I was born and raised in Tel-Aviv, Israel. On the evening of Nov. 4, 1995, I attended a rally there to support Prime Minister Yitzhak Rabin’s peace initiative. At the end of the rally, an ultranationalist assassinated Rabin.
The next morning, an IDF soldier I was speaking with insisted that everyone at the rally had been a paid Arab demonstrator. I was astonished. I realized then that there were two entirely different media ecosystems in Israel. The media diet that this soldier fed on flattened the political conversation between us and them, friends and enemies, Jews and Arabs. The premise left no room for debate, no room for humanity and no room for me. I left Israel a few years later, hoping to never engage in this type of politics again.
I was reminded of this incident after reading the recent Jewish press coverage of Rep. Summer Lee. Designating opponents as enemies to outrage and then mobilize supporters is a dangerous tactic sadly popular among some politicians. Rather than viewing political rivalry as a battle over ideas, policies or approaches, these politicians — often militaristic and authoritarian — instead see their opponents as threats to be excised from the body politic and destroyed.
Now, yet again, I am faced with the politics of enemies. And it once again revolves around my home country, Israel. This isn’t a new phenomenon in America, but since Oct. 7, it has become more acute. Anyone who supports a ceasefire and/or feels sympathy for Palestinian victims is labeled an antisemite. So is anyone who contextualizes the Oct. 7 massacre. If you are Jewish, they call you a self-hating Jew. Or not a real Jew at all. The irony of this happening despite a long Jewish intellectual tradition of robust debate is not lost on me.
Antisemitism in American society is real, and unfortunately on the rise. But I fear that this frivolous deployment of the term for political gain is making real antisemitism lose its meaning. We no longer need to use a definition to explain why something is antisemitic. Often we don’t have to explain it at all. Just calling someone an “antisemite” is enough. And who would debate an antisemite? Who would consider an antisemite a legitimate political rival? No one. Except for maybe other antisemites.

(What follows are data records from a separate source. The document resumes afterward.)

lemma half_le_rayleigh_if_not_bridge:
  assumes s: "simple_graph n E" and c: "connected_graph n E" and e: "E w z"
    and c': "connected_graph n (delete_edge E w z)"
    and f: "admissible n E f" and fw: "f w < 0" and fz: "0 \<le> f z"
    and le: "rayleigh n E f \<le> lambda1 n (delete_edge E w z)"
  shows "1/2 \<le> rayleigh n E f"
proof -
  define E' where "E' = delete_edge E w z"
  define g where "g u = f u + (f w + f z) / volume n E'" for u
  define \<rho> where "\<rho> = rayleigh n E f"
  have wz: "w < n" "z < n" "w \<noteq> z" using s e unfolding simple_graph_def by auto
  have deg: "1 \<le> degree n E u" if "u < n" for u
    using degree_ge_1[OF s c _ that] wz by linarith
  have deg': "1 \<le> degree n E' u" if "u < n" for u
    using degree_ge_1[OF simple_graph_delete_edge[OF s] c' _ that] wz unfolding E'_def by linarith
  have "real (degree n E' w) \<le> volume n E'" unfolding volume_def using wz by (intro member_le_sum) auto
  then have V: "1 \<le> volume n E'" using deg'[of w] wz by linarith
  have f_deg: "(\<Sum>u<n. f u * real (degree n E u)) = 0" using f unfolding admissible_def by simp
  have "volume n (delete_edge E w z) \<noteq> 0" using V unfolding E'_def by simp
  note shift = shift_delete_edge[OF s e f_deg this, folded E'_def, folded g_def]
  have "g w \<noteq> 0 \<or> g z \<noteq> 0" using fw fz unfolding g_def by auto
  then have g: "admissible n E' g" unfolding admissible_def using shift(1) wz by auto
  have pos: "0 < degree_norm n E f" using deg wz fw by (intro degree_norm_pos) auto
  have pos': "0 < degree_norm n E' g"
    using g deg' unfolding admissible_def by (metis degree_norm_pos)
  have energy_f: "dirichlet_energy n E f = \<rho> * degree_norm n E f"
    using pos unfolding \<rho>_def rayleigh_eq by simp
  have "\<rho> \<le> rayleigh n E' g"
    using le lambda1_le_rayleigh[OF g] unfolding \<rho>_def E'_def by linarith
  then have "\<rho> * degree_norm n E' g \<le> dirichlet_energy n E' g"
    using pos' unfolding rayleigh_eq by (simp add: le_divide_eq)
  then have "(f w - f z)^2 \<le> \<rho> * ((f w)^2 + (f z)^2 + (f w + f z)^2 / volume n E')"
    using V unfolding shift(2,3) energy_f by (simp add: algebra_simps)
  moreover have "f w * f z \<le> 0" "f w \<noteq> 0" using fw fz by (simp_all add: mult_nonpos_nonneg)
  moreover have "0 \<le> \<rho>" unfolding \<rho>_def by (rule rayleigh_nonneg)
  ultimately show ?thesis
    unfolding \<rho>_def[symmetric] by (intro half_le_of_sq_diff_le[OF _ _ V])
qed

theorem mainTheorem9:
  "\<exists>n0::nat. \<forall>n\<ge>n0. \<forall>E f w z.
     simple_graph n E \<and> connected_graph n E \<and> lambda1 n E = alpha n \<and>
     harmonic_eigenfunction n E f \<and> w < n \<and> z < n \<and> E w z \<and> f w < 0 \<and> 0 \<le> f z
     \<longrightarrow> is_bridge n E w z"
proof (intro exI[of _ 10] allI impI, elim conjE)
  fix n E f w z
  assume n: "10 \<le> n" and s: "simple_graph n E" and c: "connected_graph n E"
    and \<alpha>: "lambda1 n E = alpha n" and f: "harmonic_eigenfunction n E f"
    and "w < n" "z < n" and e: "E w z" and fw: "f w < 0" and fz: "0 \<le> f z"
  show "is_bridge n E w z"
  proof (rule ccontr)
    assume "\<not> is_bridge n E w z"
    then have c': "connected_graph n (delete_edge E w z)" using e by (simp add: is_bridge_def)
    have "rayleigh n E f = alpha n" using f \<alpha> by (simp add: harmonic_eigenfunction_def)
    moreover have "alpha n \<le> lambda1 n (delete_edge E w z)"
      by (rule alpha_le_lambda1[OF simple_graph_delete_edge[OF s] c'])
    ultimately have "1/2 \<le> alpha n"
      using half_le_rayleigh_if_not_bridge[OF s c e c' _ fw fz] f
      by (simp add: harmonic_eigenfunction_def)
    with alpha_less_half[OF n] show False by linarith
  qed
qed

end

So if you stand in vigil for Palestinian children, you must be an antisemite because all Palestinians are our enemies. And any means to destroy them are acceptable. We can take their words out of context. We can manipulate their photos. Lie about what they did.

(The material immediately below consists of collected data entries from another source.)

lemma Kstep_fmap_expansion:
  assumes "\<beta> > 3 / 2" "d \<le> 2" "s \<in> expansions \<beta>"
  shows "\<exists>b. \<forall>\<omega>. (fmap \<beta> d s \<notin> Eset \<beta> 0 \<union> Eset \<beta> 1 \<union> Eset \<beta> 2 \<longrightarrow> \<omega> 0 = b) \<longrightarrow>
    Kstep \<beta> (\<omega>, fmap \<beta> d s) =
      (qv d, if fmap \<beta> d s \<in> Eset \<beta> 0 \<union> Eset \<beta> 1 \<union> Eset \<beta> 2 then \<omega> else shift \<omega>, s)"
proof -
  have \<beta>: "\<beta> > 1"
    using assms(1) by simp
  define w where "w = fmap \<beta> d s"
  have descale: "\<beta> *\<^sub>R w - qv d = s"
    using \<beta> scaleR_fmap_minus_qv by (simp add: w_def)
  have others: "w \<notin> Eset \<beta> j" if "j \<le> 2" "j \<noteq> d" for j
    using fmap_expansion_notin_Eset[OF \<beta> assms(2) that assms(3)] by (simp add: w_def)
  show ?thesis
  proof (cases "w \<in> Eset \<beta> 0 \<union> Eset \<beta> 1 \<union> Eset \<beta> 2")
    case True
    then have "w \<in> Eset \<beta> d"
      using others[of 0] others[of 1] others[of 2] le_2_cases[OF assms(2)] by auto
    then have "Kstep \<beta> (\<omega>, w) = (qv d, \<omega>, s)" for \<omega>
      using Kstep_Eset[OF assms(2) _ others] descale by simp
    then show ?thesis
      using True by (simp add: w_def)
  next
    case False
    then obtain i j where ij: "(i, j) \<in> switch_pairs" "d \<in> {i, j}" "w \<in> Cset \<beta> i j"
      using fmap_expansion_Eset_or_Cset[OF \<beta> assms(2,3)] le_2_cases[OF assms(2)]
      by (auto simp: w_def)
    have "Kstep \<beta> (\<omega>, w) = (qv d, shift \<omega>, s)" if "\<omega> 0 = (d = j)" for \<omega>
    proof -
      have "(if \<omega> 0 then j else i) = d"
        using ij(1,2) that by (auto simp: switch_pairs_def)
      then show ?thesis
        using Kstep_Cset[OF assms(1) ij(1,3) False] descale by (simp add: Let_def)
    qed
    then show ?thesis
      using False by (intro exI[of _ "d = j"]) (simp add: w_def)
  qed
qed

lemma card_filter_less_Suc:
  "card {k. k < Suc n \<and> P k} = card {k. k < n \<and> P k} + (if P n then 1 else 0)"
proof -
  have "{k. k < Suc n \<and> P k} = (if P n then insert n {k. k < n \<and> P k} else {k. k < n \<and> P k})"
    by (auto simp: less_Suc_eq)
  then show ?thesis
    by simp
qed

lemma ex_bits_at_counts:
  fixes P b :: "nat \<Rightarrow> bool"
  shows "\<exists>\<omega>. \<forall>n. P n \<longrightarrow> \<omega> (card {k. k < n \<and> P k}) = b n"
proof -
  define c where "c n = card {k. k < n \<and> P k}" for n
  have less: "c n < c m" if "P n" "n < m" for n m
    unfolding c_def using that by (intro psubset_card_mono) auto
  have "inj_on c {n. P n}"
  proof (rule inj_onI)
    fix n m
    assume "n \<in> {n. P n}" "m \<in> {n. P n}" "c n = c m"
    then show "n = m"
      using less[of n m] less[of m n] by (cases n m rule: linorder_cases) auto
  qed
  then have "\<forall>n. P n \<longrightarrow> b (inv_into {n. P n} c (c n)) = b n"
    by simp
  then show ?thesis
    by (intro exI[of _ "\<lambda>m. b (inv_into {n. P n} c m)"]) (simp add: c_def)
qed

lemma funpow_shift: "(shift ^^ k) \<omega> = (\<lambda>i. \<omega> (k + i))"
  by (induction k) (auto simp: shift_def)

lemma Kbeta_orbit_by_bits:
  assumes "\<And>n. \<exists>b. \<forall>\<omega>. (\<not> deterministic n \<longrightarrow> \<omega> 0 = b) \<longrightarrow>
      Kstep \<beta> (\<omega>, zs n) = (e n, if deterministic n then \<omega> else shift \<omega>, zs (Suc n))"
  shows "\<exists>\<omega>. \<forall>n. fst (Kstep \<beta> ((Kbeta \<beta> ^^ n) (\<omega>, zs 0))) = e n"
proof -
  have "\<forall>n. \<exists>b. \<forall>\<omega>. (\<not> deterministic n \<longrightarrow> \<omega> 0 = b) \<longrightarrow>
      Kstep \<beta> (\<omega>, zs n) = (e n, if deterministic n then \<omega> else shift \<omega>, zs (Suc n))"
    by (rule allI) (rule assms)
  then obtain b where b: "\<forall>n \<omega>. (\<not> deterministic n \<longrightarrow> \<omega> 0 = b n) \<longrightarrow>
      Kstep \<beta> (\<omega>, zs n) = (e n, if deterministic n then \<omega> else shift \<omega>, zs (Suc n))"
    by (rule choice[THEN exE])
  define used where "used n = card {k. k < n \<and> \<not> deterministic k}" for n
  obtain \<omega> where \<omega>: "\<And>n. \<not> deterministic n \<Longrightarrow> \<omega> (used n) = b n"
    using ex_bits_at_counts[of "\<lambda>n. \<not> deterministic n" b] unfolding used_def by blast
  have step: "Kstep \<beta> ((shift ^^ used n) \<omega>, zs n) = (e n, (shift ^^ used (Suc n)) \<omega>, zs (Suc n))"
    for n
  proof -
    have "(shift ^^ used (Suc n)) \<omega> =
        (if deterministic n then (shift ^^ used n) \<omega> else shift ((shift ^^ used n) \<omega>))"
      using card_filter_less_Suc[of n "\<lambda>k. \<not> deterministic k"] by (simp add: used_def)
    then show ?thesis
      using b \<omega>[of n] by (simp add: funpow_shift)
  qed
  have orbit: "(Kbeta \<beta> ^^ n) (\<omega>, zs 0) = ((shift ^^ used n) \<omega>, zs n)" for n
  proof (induction n)
    case 0
    then show ?case
      by (simp add: used_def)
  next
    case (Suc n)
    then show ?case
      by (simp add: Kbeta_def step)
  qed
  then have "fst (Kstep \<beta> ((Kbeta \<beta> ^^ n) (\<omega>, zs 0))) = e n" for n
    using step by simp
  then show ?thesis
    by blast
qed
definition admissible :: "real \<Rightarrow> real \<Rightarrow> real \<Rightarrow> (real \<Rightarrow> real) \<Rightarrow> (real \<Rightarrow> real) \<Rightarrow> (real \<Rightarrow> real) \<Rightarrow> bool" where
  "admissible \<kappa> \<omega> q a f g \<longleftrightarrow>
     continuous_on {0..} a \<and> continuous_on {0..} f \<and> continuous_on {0..} g \<and>
     loc_abs_cont a \<and> loc_abs_cont f \<and> loc_abs_cont g \<and>
     a 0 = 1 \<and> (a \<longlongrightarrow> 0) at_top \<and>
     f 0 = 0 \<and> (f \<longlongrightarrow> pi - \<omega>) at_top \<and>
     (g \<longlongrightarrow> q) at_top \<and>
     Efun \<kappa> a f g < \<infinity>"

definition constrained :: "real \<Rightarrow> real \<Rightarrow> real \<Rightarrow> (real \<Rightarrow> real) \<Rightarrow> (real \<Rightarrow> real) \<Rightarrow> (real \<Rightarrow> real) \<Rightarrow> bool" where
  "constrained \<kappa> \<omega> q a f g \<longleftrightarrow>
     admissible \<kappa> \<omega> q a f g \<and>
     (\<forall>G. loc_abs_cont G \<and> (G \<longlongrightarrow> 0) at_top \<and> E2fun a G < \<infinity> \<longrightarrow>
        (LINT r:{0<..}|lebesgue. r\<^sup>2 * deriv g r * deriv G r + 2 * (a r)\<^sup>2 * g r * G r) = 0)"

end

theory Submission
  imports Defs
begin

(* Let pi_fold x be the distance from x to the nearest multiple of pi. It is 1-Lipschitz, takes
   values in [0, pi/2], is the identity on [0, pi/2] and satisfies sin^2 (pi_fold x) = sin^2 x.
   For ft = pi_fold o f we therefore have sin^2 ft = sin^2 f, and (ft')^2 = (f')^2 except where
   f takes a "corner" value (a multiple of pi/2) with nonzero derivative: away from corners the
   fold is locally affine with slope +-1, and at a corner value reached with zero derivative (or
   no derivative) both derivatives vanish (or fail to exist) together. The exceptional points are
   isolated, hence countable and Lebesgue-null, so E1, E and L are unchanged. Since pi/2 < omega
   < pi, the boundary value pi - omega lies in [0, pi/2] and is fixed by the fold; continuity and
   absolute continuity survive composition with a 1-Lipschitz map; and the constraint defining
   the class C does not involve f. Hence (a, ft, g) is again in C with L equal to L(a, f, g). *)

definition pi_fold :: "real \<Rightarrow> real" where
  "pi_fold x = \<bar>x - pi * of_int \<lfloor>x/pi + 1/2\<rfloor>\<bar>"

This is a politics of affect. The goal is to stir up negative emotions. To foster a paranoia where all differences, even among Jews, are existential threats. Here it is designed to make us fear anyone who questions the morality of the occupation or the war, people like Summer Lee, me and countless others.
The deployment of antisemitism to distinguish friends from enemies reduces democratic politics to a zero sum game. According to this logic, Lee’s decision to attend CAIR Philadelphia’s banquet was not based on her sympathy for her Muslim constituents or on legitimate criticism of Israeli policies and the U.S. government’s unwavering support for them. Rather her decision is because she is an antisemite. And there is nothing she can do to disassociate from that label. If she decided to attend, she would have been labeled an antisemite. When she decided to withdraw, she only admitted her antisemitism. If she keeps donations from “antisemites,” she is one. If she returns them, she concedes it was wrong to receive them in the first place. The poet Maya Angelou once said: “I’ve learned that people will forget what you said, people will forget what you did, but people will never forget how you made them feel.” And when we label Summer Lee an antisemite, this is our goal. We want our community to fear her as an existential threat and to blindly vote for her opponent.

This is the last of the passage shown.